About this task :: A full, exact copy of the records below is the required answer.

Collected data entries:
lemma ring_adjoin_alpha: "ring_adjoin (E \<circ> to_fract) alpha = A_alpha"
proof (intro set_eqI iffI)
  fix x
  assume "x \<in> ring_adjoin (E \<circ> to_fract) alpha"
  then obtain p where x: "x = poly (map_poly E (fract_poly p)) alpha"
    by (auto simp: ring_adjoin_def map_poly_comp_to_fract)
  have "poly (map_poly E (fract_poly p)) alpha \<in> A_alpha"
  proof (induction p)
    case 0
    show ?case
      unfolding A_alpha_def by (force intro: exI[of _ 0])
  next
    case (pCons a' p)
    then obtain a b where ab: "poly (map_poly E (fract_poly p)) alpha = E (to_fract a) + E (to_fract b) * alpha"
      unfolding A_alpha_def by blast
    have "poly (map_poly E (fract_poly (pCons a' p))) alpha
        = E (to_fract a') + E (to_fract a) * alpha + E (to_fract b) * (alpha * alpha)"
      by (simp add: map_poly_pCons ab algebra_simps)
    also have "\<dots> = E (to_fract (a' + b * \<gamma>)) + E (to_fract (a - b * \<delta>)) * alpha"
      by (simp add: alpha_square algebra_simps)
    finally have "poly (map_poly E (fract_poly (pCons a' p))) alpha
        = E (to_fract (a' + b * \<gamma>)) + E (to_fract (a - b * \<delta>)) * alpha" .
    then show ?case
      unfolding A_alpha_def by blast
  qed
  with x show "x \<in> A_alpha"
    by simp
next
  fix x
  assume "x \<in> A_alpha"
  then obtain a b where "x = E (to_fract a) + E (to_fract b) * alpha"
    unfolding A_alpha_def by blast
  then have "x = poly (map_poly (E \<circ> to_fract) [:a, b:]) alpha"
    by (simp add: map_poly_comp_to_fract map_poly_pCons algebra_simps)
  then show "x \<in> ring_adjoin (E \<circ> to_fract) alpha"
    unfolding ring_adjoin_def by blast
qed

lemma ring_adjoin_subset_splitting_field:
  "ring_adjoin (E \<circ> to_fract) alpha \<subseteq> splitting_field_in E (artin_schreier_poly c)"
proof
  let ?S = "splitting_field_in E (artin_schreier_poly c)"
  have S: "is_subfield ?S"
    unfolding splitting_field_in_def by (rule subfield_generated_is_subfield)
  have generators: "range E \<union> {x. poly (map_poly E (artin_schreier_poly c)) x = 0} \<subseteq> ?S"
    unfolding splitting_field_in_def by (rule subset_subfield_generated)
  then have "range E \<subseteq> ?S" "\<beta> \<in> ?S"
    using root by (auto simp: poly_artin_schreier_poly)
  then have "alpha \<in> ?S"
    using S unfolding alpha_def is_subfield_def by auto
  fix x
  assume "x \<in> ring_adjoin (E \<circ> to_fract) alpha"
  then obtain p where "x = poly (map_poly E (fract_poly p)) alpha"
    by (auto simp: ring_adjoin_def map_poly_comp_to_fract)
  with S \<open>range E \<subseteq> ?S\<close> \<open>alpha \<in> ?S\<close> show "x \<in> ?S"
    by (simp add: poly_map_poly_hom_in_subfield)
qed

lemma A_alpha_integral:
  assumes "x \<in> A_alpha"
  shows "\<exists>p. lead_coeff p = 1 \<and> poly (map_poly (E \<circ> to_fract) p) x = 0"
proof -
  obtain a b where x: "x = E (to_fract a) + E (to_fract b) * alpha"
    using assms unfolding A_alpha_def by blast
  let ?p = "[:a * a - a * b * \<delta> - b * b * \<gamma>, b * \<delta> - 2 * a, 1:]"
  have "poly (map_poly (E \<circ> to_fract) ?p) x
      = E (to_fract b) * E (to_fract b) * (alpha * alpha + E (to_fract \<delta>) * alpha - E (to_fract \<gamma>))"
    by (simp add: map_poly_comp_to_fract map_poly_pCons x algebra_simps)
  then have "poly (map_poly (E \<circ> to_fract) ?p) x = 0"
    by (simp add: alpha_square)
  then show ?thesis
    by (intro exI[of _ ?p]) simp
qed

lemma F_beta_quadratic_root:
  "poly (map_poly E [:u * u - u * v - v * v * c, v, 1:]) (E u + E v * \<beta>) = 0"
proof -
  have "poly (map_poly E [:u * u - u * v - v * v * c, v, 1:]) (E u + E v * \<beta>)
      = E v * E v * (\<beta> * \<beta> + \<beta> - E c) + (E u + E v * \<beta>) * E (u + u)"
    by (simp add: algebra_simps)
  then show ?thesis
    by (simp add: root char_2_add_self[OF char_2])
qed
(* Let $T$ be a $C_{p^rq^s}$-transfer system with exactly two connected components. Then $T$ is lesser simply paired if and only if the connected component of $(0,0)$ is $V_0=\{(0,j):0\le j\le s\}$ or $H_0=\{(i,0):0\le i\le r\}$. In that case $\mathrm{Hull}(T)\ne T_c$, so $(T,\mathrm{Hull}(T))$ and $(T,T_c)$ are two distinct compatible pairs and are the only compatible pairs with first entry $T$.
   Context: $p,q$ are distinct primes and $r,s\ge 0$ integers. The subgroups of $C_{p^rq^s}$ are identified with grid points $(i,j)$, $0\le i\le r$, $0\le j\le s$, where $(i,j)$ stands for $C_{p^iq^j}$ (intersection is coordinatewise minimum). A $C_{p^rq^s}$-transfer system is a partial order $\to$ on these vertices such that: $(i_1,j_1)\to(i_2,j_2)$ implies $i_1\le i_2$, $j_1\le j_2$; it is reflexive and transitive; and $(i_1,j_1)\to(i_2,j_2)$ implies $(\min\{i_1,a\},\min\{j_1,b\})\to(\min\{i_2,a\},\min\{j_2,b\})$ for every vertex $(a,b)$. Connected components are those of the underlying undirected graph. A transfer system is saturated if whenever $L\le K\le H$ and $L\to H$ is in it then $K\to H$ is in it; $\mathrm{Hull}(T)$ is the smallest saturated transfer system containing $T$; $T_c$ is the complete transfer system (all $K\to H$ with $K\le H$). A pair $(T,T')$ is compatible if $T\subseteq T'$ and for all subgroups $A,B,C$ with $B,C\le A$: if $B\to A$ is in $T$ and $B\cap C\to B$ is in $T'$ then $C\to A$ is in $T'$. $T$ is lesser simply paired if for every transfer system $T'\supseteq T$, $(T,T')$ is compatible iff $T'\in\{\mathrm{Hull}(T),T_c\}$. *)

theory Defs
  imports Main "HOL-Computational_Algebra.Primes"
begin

Solved problem ::
lemma ring_adjoin_alpha: "ring_adjoin (E \<circ> to_fract) alpha = A_alpha"
proof (intro set_eqI iffI)
  fix x
  assume "x \<in> ring_adjoin (E \<circ> to_fract) alpha"
  then obtain p where x: "x = poly (map_poly E (fract_poly p)) alpha"
    by (auto simp: ring_adjoin_def map_poly_comp_to_fract)
  have "poly (map_poly E (fract_poly p)) alpha \<in> A_alpha"
  proof (induction p)
    case 0
    show ?case
      unfolding A_alpha_def by (force intro: exI[of _ 0])
  next
    case (pCons a' p)
    then obtain a b where ab: "poly (map_poly E (fract_poly p)) alpha = E (to_fract a) + E (to_fract b) * alpha"
      unfolding A_alpha_def by blast
    have "poly (map_poly E (fract_poly (pCons a' p))) alpha
        = E (to_fract a') + E (to_fract a) * alpha + E (to_fract b) * (alpha * alpha)"
      by (simp add: map_poly_pCons ab algebra_simps)
    also have "\<dots> = E (to_fract (a' + b * \<gamma>)) + E (to_fract (a - b * \<delta>)) * alpha"
      by (simp add: alpha_square algebra_simps)
    finally have "poly (map_poly E (fract_poly (pCons a' p))) alpha
        = E (to_fract (a' + b * \<gamma>)) + E (to_fract (a - b * \<delta>)) * alpha" .
    then show ?case
      unfolding A_alpha_def by blast
  qed
  with x show "x \<in> A_alpha"
    by simp
next
  fix x
  assume "x \<in> A_alpha"
  then obtain a b where "x = E (to_fract a) + E (to_fract b) * alpha"
    unfolding A_alpha_def by blast
  then have "x = poly (map_poly (E \<circ> to_fract) [:a, b:]) alpha"
    by (simp add: map_poly_comp_to_fract map_poly_pCons algebra_simps)
  then show "x \<in> ring_adjoin (E \<circ> to_fract) alpha"
    unfolding ring_adjoin_def by blast
qed

lemma ring_adjoin_subset_splitting_field:
  "ring_adjoin (E \<circ> to_fract) alpha \<subseteq> splitting_field_in E (artin_schreier_poly c)"
proof
  let ?S = "splitting_field_in E (artin_schreier_poly c)"
  have S: "is_subfield ?S"
    unfolding splitting_field_in_def by (rule subfield_generated_is_subfield)
  have generators: "range E \<union> {x. poly (map_poly E (artin_schreier_poly c)) x = 0} \<subseteq> ?S"
    unfolding splitting_field_in_def by (rule subset_subfield_generated)
  then have "range E \<subseteq> ?S" "\<beta> \<in> ?S"
    using root by (auto simp: poly_artin_schreier_poly)
  then have "alpha \<in> ?S"
    using S unfolding alpha_def is_subfield_def by auto
  fix x
  assume "x \<in> ring_adjoin (E \<circ> to_fract) alpha"
  then obtain p where "x = poly (map_poly E (fract_poly p)) alpha"
    by (auto simp: ring_adjoin_def map_poly_comp_to_fract)
  with S \<open>range E \<subseteq> ?S\<close> \<open>alpha \<in> ?S\<close> show "x \<in> ?S"
    by (simp add: poly_map_poly_hom_in_subfield)
qed

lemma A_alpha_integral:
  assumes "x \<in> A_alpha"
  shows "\<exists>p. lead_coeff p = 1 \<and> poly (map_poly (E \<circ> to_fract) p) x = 0"
proof -
  obtain a b where x: "x = E (to_fract a) + E (to_fract b) * alpha"
    using assms unfolding A_alpha_def by blast
  let ?p = "[:a * a - a * b * \<delta> - b * b * \<gamma>, b * \<delta> - 2 * a, 1:]"
  have "poly (map_poly (E \<circ> to_fract) ?p) x
      = E (to_fract b) * E (to_fract b) * (alpha * alpha + E (to_fract \<delta>) * alpha - E (to_fract \<gamma>))"
    by (simp add: map_poly_comp_to_fract map_poly_pCons x algebra_simps)
  then have "poly (map_poly (E \<circ> to_fract) ?p) x = 0"
    by (simp add: alpha_square)
  then show ?thesis
    by (intro exI[of _ ?p]) simp
qed

lemma F_beta_quadratic_root:
  "poly (map_poly E [:u * u - u * v - v * v * c, v, 1:]) (E u + E v * \<beta>) = 0"
proof -
  have "poly (map_poly E [:u * u - u * v - v * v * c, v, 1:]) (E u + E v * \<beta>)
      = E v * E v * (\<beta> * \<beta> + \<beta> - E c) + (E u + E v * \<beta>) * E (u + u)"
    by (simp add: algebra_simps)
  then show ?thesis
    by (simp add: root char_2_add_self[OF char_2])
qed
(* Let $T$ be a $C_{p^rq^s}$-transfer system with exactly two connected components. Then $T$ is lesser simply paired if and only if the connected component of $(0,0)$ is $V_0=\{(0,j):0\le j\le s\}$ or $H_0=\{(i,0):0\le i\le r\}$. In that case $\mathrm{Hull}(T)\ne T_c$, so $(T,\mathrm{Hull}(T))$ and $(T,T_c)$ are two distinct compatible pairs and are the only compatible pairs with first entry $T$.
   Context: $p,q$ are distinct primes and $r,s\ge 0$ integers. The subgroups of $C_{p^rq^s}$ are identified with grid points $(i,j)$, $0\le i\le r$, $0\le j\le s$, where $(i,j)$ stands for $C_{p^iq^j}$ (intersection is coordinatewise minimum). A $C_{p^rq^s}$-transfer system is a partial order $\to$ on these vertices such that: $(i_1,j_1)\to(i_2,j_2)$ implies $i_1\le i_2$, $j_1\le j_2$; it is reflexive and transitive; and $(i_1,j_1)\to(i_2,j_2)$ implies $(\min\{i_1,a\},\min\{j_1,b\})\to(\min\{i_2,a\},\min\{j_2,b\})$ for every vertex $(a,b)$. Connected components are those of the underlying undirected graph. A transfer system is saturated if whenever $L\le K\le H$ and $L\to H$ is in it then $K\to H$ is in it; $\mathrm{Hull}(T)$ is the smallest saturated transfer system containing $T$; $T_c$ is the complete transfer system (all $K\to H$ with $K\le H$). A pair $(T,T')$ is compatible if $T\subseteq T'$ and for all subgroups $A,B,C$ with $B,C\le A$: if $B\to A$ is in $T$ and $B\cap C\to B$ is in $T'$ then $C\to A$ is in $T'$. $T$ is lesser simply paired if for every transfer system $T'\supseteq T$, $(T,T')$ is compatible iff $T'\in\{\mathrm{Hull}(T),T_c\}$. *)

theory Defs
  imports Main "HOL-Computational_Algebra.Primes"
begin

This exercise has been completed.